--- PROBLEM REQUIREMENTS ---
Report every line below that holds the word "rotation".

--- SUPPLIED ENTRIES ---
(* For every $x \in \mathbb{R}$ and $k \in \mathbb{Z}$, we have \[ \mathfrak{a}(x) = \mathfrak{a}(x+1), \qquad \mathfrak{b}_k(x) = \mathfrak{b}_k(x+1). \] If additionally $\alpha_k = \alpha_{-k}$ for every $k \in \mathbb{Z}$, then we also have \[ \mathfrak{a}(x) = \mathfrak{a}(0), \qquad \|\mathfrak{b}(x)\|_{\ell^2(\mathbb{Z})} = \|\mathfrak{b}(0)\|_{\ell^2(\mathbb{Z})}. \]
   Context: Setting: $\mathcal X=H^{s,p}(\mathbb{R};\mathbb{R}^n)$, $p\in[2,\infty)$, $s>1/p$. PDE $\mathrm{d}u=Au\,\mathrm{d}t+f(u)\,\mathrm{d}t$ with $A$ generating a translation-commuting $C_0$-semigroup, $f$ smooth as a Nemytskii map on $\mathcal X$; stable traveling pulse $u^*(x-ct)$. $\mathcal T_xf=f(\cdot-x)$. The isochron map $\pi_{\mathrm{iso}}$ (upright $\pi$ in the paper, not the circle constant) is defined near $\{\mathcal T_xu^*\}$ by $\lim_{t\to\infty}\|u^v(t)-u^*(\cdot-ct-\pi_{\mathrm{iso}}(v))\|_{\mathcal X}=0$; it satisfies $\pi_{\mathrm{iso}}(\mathcal T_xu)=x+\pi_{\mathrm{iso}}(u)$, hence $\pi_{\mathrm{iso}}'(\mathcal T_xu)[v]=\pi_{\mathrm{iso}}'(u)[\mathcal T_{-x}v]$ and $\pi_{\mathrm{iso}}''(\mathcal T_xu)[v,w]=\pi_{\mathrm{iso}}''(u)[\mathcal T_{-x}v,\mathcal T_{-x}w]$, and $\pi_{\mathrm{iso}}'(u^* )[v]=\langle\psi,v\rangle$ where $\psi$ is the bounded functional with $\Pi^cf=-\langle\psi,f\rangle\partial_xu^*$ ($\Pi^c$ the spectral projection of $\mathcal L=A+c\partial_x+f'(u^* )$ onto $\mathrm{span}\{\partial_xu^*\}$). Noise basis $e_k(x)=\sqrt2\cos(2\pi kx)$ ($k>0$), $e_0=1$, $e_k(x)=\sqrt2\sin(2\pi kx)$ ($k<0$), coefficients $\alpha_k$, nonlinearity $g$. Define $\mathfrak a(x)=\tfrac12\sum_k\alpha_k^2\big(\pi_{\mathrm{iso}}'(\mathcal T_xu^* )[g'(\mathcal T_xu^* )g(\mathcal T_xu^* )e_k^2]+\pi_{\mathrm{iso}}''(\mathcal T_xu^* )[g(\mathcal T_xu^* )e_k,g(\mathcal T_xu^* )e_k]\big)$, $\mathfrak b_k(x)=\alpha_k\pi_{\mathrm{iso}}'(\mathcal T_xu^* )[g(\mathcal T_xu^* )e_k]$, and $\mathfrak b(x)=(\mathfrak b_k(x))_{k\in\mathbb{Z}}$. *)

theory Defs
  imports "HOL-Analysis.Analysis"
begin

definition transl :: "real \<Rightarrow> (real \<Rightarrow> 'a) \<Rightarrow> (real \<Rightarrow> 'a)" where
  "transl x f = (\<lambda>y. f (y - x))"

definition ebasis :: "int \<Rightarrow> real \<Rightarrow> real" where
  "ebasis k y = (if k > 0 then sqrt 2 * cos (2 * pi * of_int k * y)
                 else if k = 0 then 1
                 else sqrt 2 * sin (2 * pi * of_int k * y))"

definition nem :: "('b \<Rightarrow> 'c) \<Rightarrow> (real \<Rightarrow> 'b) \<Rightarrow> (real \<Rightarrow> 'c)" where
  "nem G u = (\<lambda>y. G (u y))"

definition nem_deriv :: "('b \<Rightarrow> 'b \<Rightarrow> 'c) \<Rightarrow> (real \<Rightarrow> 'b) \<Rightarrow> (real \<Rightarrow> 'b) \<Rightarrow> (real \<Rightarrow> 'c)" where
  "nem_deriv DG u w = (\<lambda>y. DG (u y) (w y))"

definition fmult :: "(real \<Rightarrow> real) \<Rightarrow> (real \<Rightarrow> 'a::real_vector) \<Rightarrow> (real \<Rightarrow> 'a)" where
  "fmult h v = (\<lambda>y. h y *\<^sub>R v y)"

text \<open>The coefficient b_k(x) = alpha_k pi'(T_x u*)[g(T_x u*) e_k].
  dpi u v stands for pi_iso'(u)[v], d2pi u v w for pi_iso''(u)[v,w].\<close>
definition frak_b ::
  "(int \<Rightarrow> real) \<Rightarrow> ((real \<Rightarrow> 'a) \<Rightarrow> (real \<Rightarrow> 'a::real_vector) \<Rightarrow> real)
   \<Rightarrow> ('a \<Rightarrow> 'a) \<Rightarrow> (real \<Rightarrow> 'a) \<Rightarrow> real \<Rightarrow> int \<Rightarrow> real" where
  "frak_b \<alpha> dpi G ustar x k =
     \<alpha> k * dpi (transl x ustar) (fmult (ebasis k) (nem G (transl x ustar)))"

definition frak_a ::
  "(int \<Rightarrow> real) \<Rightarrow> ((real \<Rightarrow> 'a) \<Rightarrow> (real \<Rightarrow> 'a::real_vector) \<Rightarrow> real)
   \<Rightarrow> ((real \<Rightarrow> 'a) \<Rightarrow> (real \<Rightarrow> 'a) \<Rightarrow> (real \<Rightarrow> 'a) \<Rightarrow> real)
   \<Rightarrow> ('a \<Rightarrow> 'a) \<Rightarrow> ('a \<Rightarrow> 'a \<Rightarrow> 'a) \<Rightarrow> (real \<Rightarrow> 'a) \<Rightarrow> real \<Rightarrow> real" where
  "frak_a \<alpha> dpi d2pi G DG ustar x =
     1/2 * (\<Sum>\<^sub>\<infinity>k::int. (\<alpha> k)\<^sup>2 *
        (dpi (transl x ustar)
             (nem_deriv DG (transl x ustar) (fmult (\<lambda>y. (ebasis k y)\<^sup>2) (nem G (transl x ustar))))
       + d2pi (transl x ustar) (fmult (ebasis k) (nem G (transl x ustar)))
                               (fmult (ebasis k) (nem G (transl x ustar)))))"

definition l2norm :: "(int \<Rightarrow> real) \<Rightarrow> real" where
  "l2norm b = sqrt (\<Sum>\<^sub>\<infinity>k::int. (b k)\<^sup>2)"

end

theory Submission
  imports Defs
begin

(* By equivariance of the isochron map, b_k(x) and the k-th summand of a(x) are the
   expressions at u* with e_k replaced by its translate e_k(. + x); periodicity of e_k
   gives periodicity in x. The translates of e_k and e_-k arise from e_k and e_-k by a
   rotation through the angle 2 pi k x, and since pi' at u* is linear, pi'' at u* bilinear
   and e_k^2 + e_-k^2 = 2, the paired quantities b_k^2 + b_-k^2 and a_k + a_-k are
   rotation invariant. If alpha is even, pairing k with -k in the sums over Z therefore
   removes all dependence on x. *)

lemma transl_transl [simp]: "transl a (transl b f) = transl (a + b) f"
  by (simp add: transl_def algebra_simps)

lemma transl_0 [simp]: "transl 0 f = f"
  by (simp add: transl_def)

lemma transl_nem: "transl a (nem G u) = nem G (transl a u)"
  by (simp add: transl_def nem_def)

lemma transl_fmult: "transl a (fmult h v) = fmult (transl a h) (transl a v)"
  by (simp add: transl_def fmult_def)

lemma transl_nem_deriv: "transl a (nem_deriv DG u w) = nem_deriv DG (transl a u) (transl a w)"
  by (simp add: transl_def nem_deriv_def)

lemmas transl_pointwise = transl_nem transl_fmult transl_nem_deriv

lemma fmult_fmult: "fmult h1 (fmult h2 v) = fmult (\<lambda>y. h1 y * h2 y) v"
  by (simp add: fmult_def)

lemma fmult_lincomb:
  "fmult (\<lambda>y. a * h1 y + b * h2 y) v = (\<lambda>y. a *\<^sub>R fmult h1 v y + b *\<^sub>R fmult h2 v y)"
  by (simp add: fmult_def scaleR_add_left)

lemma nem_deriv_fmult_add:
  assumes "\<And>z. linear (DG z)"
  shows "(\<lambda>y. nem_deriv DG u (fmult h1 v) y + nem_deriv DG u (fmult h2 v) y)
       = nem_deriv DG u (fmult (\<lambda>y. h1 y + h2 y) v)"
  using linear_add[OF assms] by (simp add: nem_deriv_def fmult_def scaleR_add_left)

lemma ebasis_periodic: "ebasis k (t + 1) = ebasis k t"
proof -
  have "2 * pi * of_int k * (t + 1) = 2 * pi * of_int k * t + 2 * pi * of_int k"
    by (simp add: algebra_simps)
  then show ?thesis
    by (simp add: ebasis_def cos_add sin_add cos_int_2pin sin_int_2pin)
qed

lemma transl_ebasis_periodic: "transl (- (x + 1)) (ebasis k) = transl (- x) (ebasis k)"
proof -
  have "ebasis k (y + x + 1) = ebasis k (y + x)" for y
    by (rule ebasis_periodic)
  then show ?thesis
    by (simp add: transl_def algebra_simps)
qed

lemma ebasis_add:
  "ebasis k (y + x) = cos (2 * pi * k * x) * ebasis k y + sin (2 * pi * k * x) * ebasis (- k) y"
proof -
  define a where "a = 2 * pi * k * y"
  define b where "b = 2 * pi * k * x"
  have sum: "2 * pi * k * (y + x) = a + b" and neg: "2 * pi * of_int (- k) * y = - a"
    by (simp_all add: a_def b_def algebra_simps)
  consider "k > 0" | "k = 0" | "k < 0" by linarith
  then show ?thesis
    by cases (simp_all add: ebasis_def sum neg a_def [symmetric] b_def [symmetric]
        cos_add sin_add algebra_simps)
qed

--- EXERCISE OUTPUT ---
   rotation through the angle 2 pi k x, and since pi' at u* is linear, pi'' at u* bilinear
   rotation invariant. If alpha is even, pairing k with -k in the sums over Z therefore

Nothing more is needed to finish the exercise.